§ **Aim of the exercise**
Determine how many lines in these records hold "shows". Only the number is wanted.

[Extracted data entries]
++++++
lemma nn_integral_exp_atLeast:
  fixes c l :: real
  assumes l: "l > 0"
  shows "(\<integral>\<^sup>+u. ennreal (exp (- l * u)) * indicator {c..} u \<partial>lborel) = ennreal (exp (- l * c) / l)"
proof -
  have "LIM u at_top. l * u :> at_top"
    by (rule filterlim_tendsto_pos_mult_at_top[OF tendsto_const l filterlim_ident])
  then have "LIM u at_top. - l * u :> at_bot"
    using filterlim_uminus_at_top by auto
  then have "((\<lambda>u. exp (- l * u)) \<longlongrightarrow> 0) at_top"
    using exp_at_bot filterlim_compose by blast
  then have "((\<lambda>u. - exp (- l * u) / l) \<longlongrightarrow> 0) at_top"
    using tendsto_minus[OF tendsto_divide_zero] by fastforce
  then have "(\<integral>\<^sup>+u. ennreal (exp (- l * u)) * indicator {c..} u \<partial>lborel) = ennreal (0 - (- exp (- l * c) / l))"
    using l by (intro nn_integral_FTC_atLeast) (auto intro!: derivative_eq_intros)
  then show ?thesis by simp
qed

lemma nn_integral_powr_atLeast_1:
  fixes p :: real
  assumes p: "p > 1"
  shows "(\<integral>\<^sup>+u. ennreal (u powr (- p)) * indicator {1..} u \<partial>lborel) = ennreal (1 / (p - 1))"
proof -
  have "((\<lambda>u. u powr (1 - p)) \<longlongrightarrow> 0) at_top"
    using p by (intro tendsto_neg_powr filterlim_ident) auto
  then have "((\<lambda>u. - (u powr (1 - p)) / (p - 1)) \<longlongrightarrow> 0) at_top"
    using tendsto_minus[OF tendsto_divide_zero] by fastforce
  moreover have "((\<lambda>u. - (u powr (1 - p)) / (p - 1)) has_real_derivative u powr (- p)) (at u)"
    if "1 \<le> u" for u
  proof -
    have "((\<lambda>u. - (u powr (1 - p)) / (p - 1)) has_real_derivative - ((1 - p) * u powr (1 - p - 1)) / (p - 1)) (at u)"
      using that by (intro DERIV_cdivide DERIV_minus has_real_derivative_powr) auto
    then show ?thesis
      by (rule DERIV_cong) (use p in \<open>simp add: field_simps algebra_simps\<close>)
  qed
  ultimately have "(\<integral>\<^sup>+u. ennreal (u powr (- p)) * indicator {1..} u \<partial>lborel)
      = ennreal (0 - (- (1 powr (1 - p)) / (p - 1)))"
    by (intro nn_integral_FTC_atLeast) auto
  then show ?thesis by simp
qed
++++++
§ **Finished exercise**
2